Приглашаем посетить сайт

Современная французская литература. Под редакцией профессора Вл. А. Лукова
Сюрреализм и визуальные искусства

Сюрреализм и визуальные искусства

(статья Вл. А. Лукова, Т. М. Луковой)

Современная французская литература. Под редакцией профессора Вл. А. Лукова Сюрреализм и визуальные искусства

С. Дали. Постоянство памяти. 1931.

Сюрреализм (фр. surréalisme — сверхреальность) — одно из характерных явлений литературы модернизма 20–60-х ХХ века в литературе, живописи, театре, кинематографе, зародившееся во Франции и затем распространившееся в ряде стран Европы, а также в США и Латинской Америке. Общую характеристику сюрреализма см. в статье: Сюрреализм, а также в других статьях, посвященных этому направлению.

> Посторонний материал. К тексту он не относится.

(* A countable group $G$ (with a proper left invariant metric) is locally finite if and only if $G$ is of flat growth, i.e. $G$ is of growth type at most a constant function.
   Context: A proper left invariant metric is $d(g,h)=\|g^{-1}h\|$ for a proper norm (zero only at identity, symmetric, subadditive, finite balls). A group is locally finite if every finitely generated subgroup is finite. An $s$-scale chain of length $m$ from $x$ to $y$ is $x=x_0,\dots,x_m=y$ with $d(x_i,x_{i+1})<s$; $A_g^{(n,s)}$ is the set of $h$ joined to $g$ by an $s$-scale chain of length $n$, and $gr_{(s,g)}(n)=\#A_g^{(n,s)}$. $u\preceq v$ means there is $C>0$ with $u(x)\le Cv(Cx)$ for large $x$. $G$ is of growth type at most $f$ if $gr_{(s,g)}\preceq f$ for all $g\in G$, $s>0$. *)

theory Defs
  imports "HOL-Algebra.Algebra" "HOL-Library.Countable_Set"
begin

definition proper_norm :: "('a, 'b) monoid_scheme \<Rightarrow> ('a \<Rightarrow> real) \<Rightarrow> bool" where
  "proper_norm G N \<longleftrightarrow>
     (\<forall>x\<in>carrier G. N x \<ge> 0) \<and>
     (\<forall>x\<in>carrier G. N x = 0 \<longleftrightarrow> x = \<one>\<^bsub>G\<^esub>) \<and>
     (\<forall>x\<in>carrier G. N (inv\<^bsub>G\<^esub> x) = N x) \<and>
     (\<forall>x\<in>carrier G. \<forall>y\<in>carrier G. N (x \<otimes>\<^bsub>G\<^esub> y) \<le> N x + N y) \<and>
     (\<forall>r::real. finite {x \<in> carrier G. N x \<le> r})"

definition norm_dist :: "('a, 'b) monoid_scheme \<Rightarrow> ('a \<Rightarrow> real) \<Rightarrow> 'a \<Rightarrow> 'a \<Rightarrow> real" where
  "norm_dist G N g h = N (inv\<^bsub>G\<^esub> g \<otimes>\<^bsub>G\<^esub> h)"

definition locally_finite_group :: "('a, 'b) monoid_scheme \<Rightarrow> bool" where
  "locally_finite_group G \<longleftrightarrow>
     (\<forall>S. S \<subseteq> carrier G \<and> finite S \<longrightarrow> finite (generate G S))"

definition scale_chain ::
  "('a, 'b) monoid_scheme \<Rightarrow> ('a \<Rightarrow> real) \<Rightarrow> real \<Rightarrow> nat \<Rightarrow> 'a \<Rightarrow> 'a \<Rightarrow> bool" where
  "scale_chain G N s m x y \<longleftrightarrow>
     (\<exists>c :: nat \<Rightarrow> 'a. c 0 = x \<and> c m = y \<and> (\<forall>i\<le>m. c i \<in> carrier G) \<and>
        (\<forall>i<m. norm_dist G N (c i) (c (Suc i)) < s))"

definition chain_ball ::
  "('a, 'b) monoid_scheme \<Rightarrow> ('a \<Rightarrow> real) \<Rightarrow> nat \<Rightarrow> real \<Rightarrow> 'a \<Rightarrow> 'a set" where
  "chain_ball G N n s g = {h. scale_chain G N s n g h}"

«В число художников, активно участвовавших в движении сюрреалистов, вошли многие создатели внешне эффектных и беспокоящих творений двадцатого века. Поэтому удивительно и даже непонятно, отчего Бретон и другие поэты-сюрреалисты поначалу испытывали трудности с определением места визуального искусства или многих его концепций в сюрреализме»[2], — отмечает американский исследователь истории живописи Ричард Лесли, напоминая о том, что в первом сюрреалистическом журнале «Littérature» не было иллюстраций.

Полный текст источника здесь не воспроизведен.